▼

lemma dist_sq_le:
  assumes "t \<in> {0..T}"
    and R: "\<And>s. s \<in> {0..T} \<Longrightarrow> h10_sq (U s) \<le> R \<and> h10_sq (V s) \<le> R"
    and coeff: "\<And>r1 r2. r1 \<in> {0..R} \<Longrightarrow> r2 \<in> {0..R} \<Longrightarrow> (A1 r1 - A2 r2)^2 \<le> \<Lambda> * (d + (r1 - r2)^2)"
    and lip: "K-lipschitz_on {- sqrt (pi * R)..sqrt (pi * R)} f" and "\<Lambda> \<ge> 0" "d \<ge> 0"
  shows "(h10_dist (U t) (V t))^2 \<le> stability_constant lam m \<Lambda> K R T * ((h10_dist (U 0) (V 0))^2 + d)"
proof -
  define W where "W s = (h10_dist (U s) (V s))^2" for s
  define C where "C = stability_constant lam m \<Lambda> K R T"
  have "R \<ge> 0"
    using R[of 0] h10_sq_nonneg[of "U 0"] \<open>t \<in> {0..T}\<close> by auto
  have step: "W t \<le> C * (W e + d)" if "0 < e" "e \<le> t" for e
    using dist_sq_le_Gronwall[OF that _ coeff lip \<open>\<Lambda> \<ge> 0\<close> \<open>d \<ge> 0\<close>] R that \<open>t \<in> {0..T}\<close>
      stability_constant_bound[OF \<open>t \<in> {0..T}\<close> U.m_pos U.lam_nonneg \<open>\<Lambda> \<ge> 0\<close> \<open>R \<ge> 0\<close> \<open>d \<ge> 0\<close>, of "W e" K]
    unfolding W_def C_def by (auto intro: order_trans)
  show ?thesis
  proof (cases "t = 0")
    case True
    then show ?thesis
      using stability_constant_ge_1[OF \<open>t \<in> {0..T}\<close> U.m_pos U.lam_nonneg \<open>\<Lambda> \<ge> 0\<close> \<open>R \<ge> 0\<close>, of K]
        mult_right_mono[of 1 "stability_constant lam m \<Lambda> K R T" "W 0 + d"] \<open>d \<ge> 0\<close>
      unfolding W_def by simp
  next
    case False
    with \<open>t \<in> {0..T}\<close> have "t > 0" by simp
    have "((\<lambda>e. C * (W e + d)) \<longlongrightarrow> C * (W 0 + d)) (at_right 0)"
      unfolding W_def by (intro tendsto_intros tendsto_h10_dist_at_0)
    moreover have "\<forall>\<^sub>F e in at_right 0. W t \<le> C * (W e + d)"
      unfolding eventually_at_right[OF \<open>t > 0\<close>] using step \<open>t > 0\<close> by (intro exI[of _ t]) auto
    ultimately show ?thesis
      unfolding C_def W_def by (intro tendsto_lowerbound[of _ _ "at_right 0"]) auto
  qed
qed

end

lemma (in dissipative_nonlinearity) interpolated_solutions_dist_sq_le:
  fixes a :: "real \<Rightarrow> real" and lam T R0 :: real
  defines "R \<equiv> exp (2 * lam * T) * R0"
  assumes lip: "L-lipschitz_on {0..} a" and a_ge: "\<And>s. s \<ge> 0 \<Longrightarrow> m \<le> a s" and "m > 0" "lam \<ge> 0"
    and "P \<ge> 0" "\<tau>1 \<in> {0..1}" "\<tau>2 \<in> {0..1}"
    and u: "is_solution (\<lambda>r. a (\<tau>1 * r + (1 - \<tau>1) * P)) lam f u0 u"
    and v: "is_solution (\<lambda>r. a (\<tau>2 * r + (1 - \<tau>2) * P)) lam f v0 v"
    and "h10_sq u0 \<le> R0" "h10_sq v0 \<le> R0"
    and lip_f: "K-lipschitz_on {- sqrt (pi * R)..sqrt (pi * R)} f" and "t \<in> {0..T}"
  shows "(h10_dist (u t) (v t))^2
           \<le> stability_constant lam m (2 * L^2 * ((R + P)^2 + 1)) K R T * ((h10_dist u0 v0)^2 + (\<tau>1 - \<tau>2)^2)"
proof -
  obtain ut ux uxx vt vx vxx where
    "classical_solution u ut ux uxx (\<lambda>r. a (\<tau>1 * r + (1 - \<tau>1) * P)) lam f"
    "classical_solution v vt vx vxx (\<lambda>r. a (\<tau>2 * r + (1 - \<tau>2) * P)) lam f"
    using is_solution_imp_classical_solution[OF u] is_solution_imp_classical_solution[OF v] by metis
  moreover have "m \<le> a (\<tau> * r + (1 - \<tau>) * P)" if "\<tau> \<in> {0..1}" "r \<ge> 0" for \<tau> r
    using that \<open>P \<ge> 0\<close> by (intro a_ge) auto
  ultimately interpret solution_pair u ut ux uxx "\<lambda>r. a (\<tau>1 * r + (1 - \<tau>1) * P)"
      v vt vx vxx "\<lambda>r. a (\<tau>2 * r + (1 - \<tau>2) * P)" lam f f' m
    using \<open>m > 0\<close> \<open>lam \<ge> 0\<close> \<open>\<tau>1 \<in> {0..1}\<close> \<open>\<tau>2 \<in> {0..1}\<close>
    by (intro solution_pair.intro dissipative_solution.intro dissipative_solution_axioms.intro
        dissipative_nonlinearity_axioms) auto
  have initial: "h10_sq (u 0) = h10_sq u0" "h10_sq (v 0) = h10_sq v0" "h10_dist (u 0) (v 0) = h10_dist u0 v0"
    unfolding h10_sq_def h10_dist_def is_solution_initial_h10_deriv[OF u] is_solution_initial_h10_deriv[OF v]
    by simp_all
  have "h10_sq (u s) \<le> R \<and> h10_sq (v s) \<le> R" if "s \<in> {0..T}" for s
    using U.h10_sq_le_exp_bound V.h10_sq_le_exp_bound that initial assms unfolding R_def by auto
  moreover have "(a (\<tau>1 * r1 + (1 - \<tau>1) * P) - a (\<tau>2 * r2 + (1 - \<tau>2) * P))^2
      \<le> 2 * L^2 * ((R + P)^2 + 1) * ((\<tau>1 - \<tau>2)^2 + (r1 - r2)^2)" if "r1 \<in> {0..R}" "r2 \<in> {0..R}" for r1 r2
    using that assms by (intro interpolated_coefficient_diff_sq_le) auto
  ultimately show ?thesis
    using dist_sq_le[OF \<open>t \<in> {0..T}\<close> _ _ lip_f, of "2 * L^2 * ((R + P)^2 + 1)" "(\<tau>1 - \<tau>2)^2"]
    unfolding initial by auto
qed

▲

• **Exercise directions**
The data above is to be restated line for line, word for word.

• **The completed task**
lemma dist_sq_le:
  assumes "t \<in> {0..T}"
    and R: "\<And>s. s \<in> {0..T} \<Longrightarrow> h10_sq (U s) \<le> R \<and> h10_sq (V s) \<le> R"
    and coeff: "\<And>r1 r2. r1 \<in> {0..R} \<Longrightarrow> r2 \<in> {0..R} \<Longrightarrow> (A1 r1 - A2 r2)^2 \<le> \<Lambda> * (d + (r1 - r2)^2)"
    and lip: "K-lipschitz_on {- sqrt (pi * R)..sqrt (pi * R)} f" and "\<Lambda> \<ge> 0" "d \<ge> 0"
  shows "(h10_dist (U t) (V t))^2 \<le> stability_constant lam m \<Lambda> K R T * ((h10_dist (U 0) (V 0))^2 + d)"
proof -
  define W where "W s = (h10_dist (U s) (V s))^2" for s
  define C where "C = stability_constant lam m \<Lambda> K R T"
  have "R \<ge> 0"
    using R[of 0] h10_sq_nonneg[of "U 0"] \<open>t \<in> {0..T}\<close> by auto
  have step: "W t \<le> C * (W e + d)" if "0 < e" "e \<le> t" for e
    using dist_sq_le_Gronwall[OF that _ coeff lip \<open>\<Lambda> \<ge> 0\<close> \<open>d \<ge> 0\<close>] R that \<open>t \<in> {0..T}\<close>
      stability_constant_bound[OF \<open>t \<in> {0..T}\<close> U.m_pos U.lam_nonneg \<open>\<Lambda> \<ge> 0\<close> \<open>R \<ge> 0\<close> \<open>d \<ge> 0\<close>, of "W e" K]
    unfolding W_def C_def by (auto intro: order_trans)
  show ?thesis
  proof (cases "t = 0")
    case True
    then show ?thesis
      using stability_constant_ge_1[OF \<open>t \<in> {0..T}\<close> U.m_pos U.lam_nonneg \<open>\<Lambda> \<ge> 0\<close> \<open>R \<ge> 0\<close>, of K]
        mult_right_mono[of 1 "stability_constant lam m \<Lambda> K R T" "W 0 + d"] \<open>d \<ge> 0\<close>
      unfolding W_def by simp
  next
    case False
    with \<open>t \<in> {0..T}\<close> have "t > 0" by simp
    have "((\<lambda>e. C * (W e + d)) \<longlongrightarrow> C * (W 0 + d)) (at_right 0)"
      unfolding W_def by (intro tendsto_intros tendsto_h10_dist_at_0)
    moreover have "\<forall>\<^sub>F e in at_right 0. W t \<le> C * (W e + d)"
      unfolding eventually_at_right[OF \<open>t > 0\<close>] using step \<open>t > 0\<close> by (intro exI[of _ t]) auto
    ultimately show ?thesis
      unfolding C_def W_def by (intro tendsto_lowerbound[of _ _ "at_right 0"]) auto
  qed
qed

end

lemma (in dissipative_nonlinearity) interpolated_solutions_dist_sq_le:
  fixes a :: "real \<Rightarrow> real" and lam T R0 :: real
  defines "R \<equiv> exp (2 * lam * T) * R0"
  assumes lip: "L-lipschitz_on {0..} a" and a_ge: "\<And>s. s \<ge> 0 \<Longrightarrow> m \<le> a s" and "m > 0" "lam \<ge> 0"
    and "P \<ge> 0" "\<tau>1 \<in> {0..1}" "\<tau>2 \<in> {0..1}"
    and u: "is_solution (\<lambda>r. a (\<tau>1 * r + (1 - \<tau>1) * P)) lam f u0 u"
    and v: "is_solution (\<lambda>r. a (\<tau>2 * r + (1 - \<tau>2) * P)) lam f v0 v"
    and "h10_sq u0 \<le> R0" "h10_sq v0 \<le> R0"
    and lip_f: "K-lipschitz_on {- sqrt (pi * R)..sqrt (pi * R)} f" and "t \<in> {0..T}"
  shows "(h10_dist (u t) (v t))^2
           \<le> stability_constant lam m (2 * L^2 * ((R + P)^2 + 1)) K R T * ((h10_dist u0 v0)^2 + (\<tau>1 - \<tau>2)^2)"
proof -
  obtain ut ux uxx vt vx vxx where
    "classical_solution u ut ux uxx (\<lambda>r. a (\<tau>1 * r + (1 - \<tau>1) * P)) lam f"
    "classical_solution v vt vx vxx (\<lambda>r. a (\<tau>2 * r + (1 - \<tau>2) * P)) lam f"
    using is_solution_imp_classical_solution[OF u] is_solution_imp_classical_solution[OF v] by metis
  moreover have "m \<le> a (\<tau> * r + (1 - \<tau>) * P)" if "\<tau> \<in> {0..1}" "r \<ge> 0" for \<tau> r
    using that \<open>P \<ge> 0\<close> by (intro a_ge) auto
  ultimately interpret solution_pair u ut ux uxx "\<lambda>r. a (\<tau>1 * r + (1 - \<tau>1) * P)"
      v vt vx vxx "\<lambda>r. a (\<tau>2 * r + (1 - \<tau>2) * P)" lam f f' m
    using \<open>m > 0\<close> \<open>lam \<ge> 0\<close> \<open>\<tau>1 \<in> {0..1}\<close> \<open>\<tau>2 \<in> {0..1}\<close>
    by (intro solution_pair.intro dissipative_solution.intro dissipative_solution_axioms.intro
        dissipative_nonlinearity_axioms) auto
  have initial: "h10_sq (u 0) = h10_sq u0" "h10_sq (v 0) = h10_sq v0" "h10_dist (u 0) (v 0) = h10_dist u0 v0"
    unfolding h10_sq_def h10_dist_def is_solution_initial_h10_deriv[OF u] is_solution_initial_h10_deriv[OF v]
    by simp_all
  have "h10_sq (u s) \<le> R \<and> h10_sq (v s) \<le> R" if "s \<in> {0..T}" for s
    using U.h10_sq_le_exp_bound V.h10_sq_le_exp_bound that initial assms unfolding R_def by auto
  moreover have "(a (\<tau>1 * r1 + (1 - \<tau>1) * P) - a (\<tau>2 * r2 + (1 - \<tau>2) * P))^2
      \<le> 2 * L^2 * ((R + P)^2 + 1) * ((\<tau>1 - \<tau>2)^2 + (r1 - r2)^2)" if "r1 \<in> {0..R}" "r2 \<in> {0..R}" for r1 r2
    using that assms by (intro interpolated_coefficient_diff_sq_le) auto
  ultimately show ?thesis
    using dist_sq_le[OF \<open>t \<in> {0..T}\<close> _ _ lip_f, of "2 * L^2 * ((R + P)^2 + 1)" "(\<tau>1 - \<tau>2)^2"]
    unfolding initial by auto
qed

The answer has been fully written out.